I, personally, think you are going about this the wrong way by creating a role for each module. That sounds like much more work than it needs to be.
I'm making the assumption that your goal is to allow users to select what modules to display and what ones to not display.
This, to me, sounds like a good use of the collapse function of containers, the little + on the upper right; BUT I do understand kinda 'blocking' the module from loading, ect.
This is me quickly brainstroming (basically as I write) but I think I would add an option for each module you want them to have enable/disable access to with the options (Show, Hide, Remove). Show will show the module, Hide will hide everything in the module except the options, remove will hide everything including the options.
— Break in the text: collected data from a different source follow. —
lemma continuous_on_cutoff [continuous_intros]:
  "continuous_on S f \<Longrightarrow> lo \<noteq> hi \<Longrightarrow> continuous_on S (\<lambda>x. cutoff lo hi (f x))"
  unfolding cutoff_def by (intro continuous_intros) auto

definition source :: "real \<Rightarrow> real \<Rightarrow> real \<Rightarrow> real \<Rightarrow> (real^'n) \<times> real \<Rightarrow> real" where
  "source G T T' c p = G * cutoff T T' (snd p) * cutoff (c/4) (c/2) (norm (fst p))"

lemma source_bounds: "0 \<le> G \<Longrightarrow> 0 \<le> source G T T' c p \<and> source G T T' c p \<le> G"
  unfolding source_def using cutoff_bounds
  by (smt (verit) mult_le_one mult_nonneg_nonneg mult_left_le)

lemma source_support:
  assumes "T < T'" "T' < -1 + c\<^sup>2" "c = cn TYPE('n)"
  shows "Q1 \<inter> closure {p \<in> Q1. source G T T' c p \<noteq> 0} \<subseteq> (K1 :: ((real^'n) \<times> real) set)"
proof -
  have "0 < c" unfolding assms(3) cn_def by simp
  define Z where "Z = {p :: (real^'n) \<times> real. norm (fst p) \<le> c/2 \<and> snd p \<le> T'}"
  have "{p \<in> Q1. source G T T' c p \<noteq> 0} \<subseteq> Z"
    unfolding Z_def source_def using assms(1) \<open>0 < c\<close> cutoff_eq_0[of T T'] cutoff_eq_0[of "c/4" "c/2"]
    by (force simp: not_le intro: less_imp_le)
  moreover have "closed Z"
    unfolding Z_def by (intro closed_Collect_conj closed_Collect_le continuous_intros)
  ultimately have "closure {p \<in> Q1. source G T T' c p \<noteq> 0} \<subseteq> Z"
    by (rule closure_minimal)
  moreover have "Q1 \<inter> Z \<subseteq> K1"
  proof clarify
    fix x :: "real^'n" and t assume "(x, t) \<in> Q1" "(x, t) \<in> Z"
    then have "\<bar>x $ i\<bar> < c" "-1 < t" "t < -1 + c\<^sup>2" for i
      using component_le_norm_cart[of x i] \<open>0 < c\<close> assms(2) unfolding Z_def Q1_def by auto
    moreover have "- c < x $ i \<and> x $ i < c" for i
      using \<open>\<bar>x $ i\<bar> < c\<close> unfolding abs_less_iff by linarith
    ultimately show "(x, t) \<in> K1"
      unfolding K1_def assms(3)[symmetric] by simp
  qed
  ultimately show ?thesis by blast
qed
Store their selection in a cookie and on the modules Page_Load have it check for the cookie and act appropriately. This way you don't have to deal with roles, the module won't take up much processing so it won't slow the page noticibly. If you wrap everything (except the options) in a panel and set the visibility to false to hide the module, none of that module HTML will be sent to the user, ect.
I would suggest creating the cookies using some form of TabID and using ModuleID for the modules in the cookie. This way you could make a seperate module to place on the page that will check for TabID cookie and have the options for the modules there as well, or instead. Since you want to give your users a way to return Removed items without deleting all their cookies.
Additionally, you might want to check into using the database to store these options so they persist across computers. Same principle, but stored serverside instead of client side.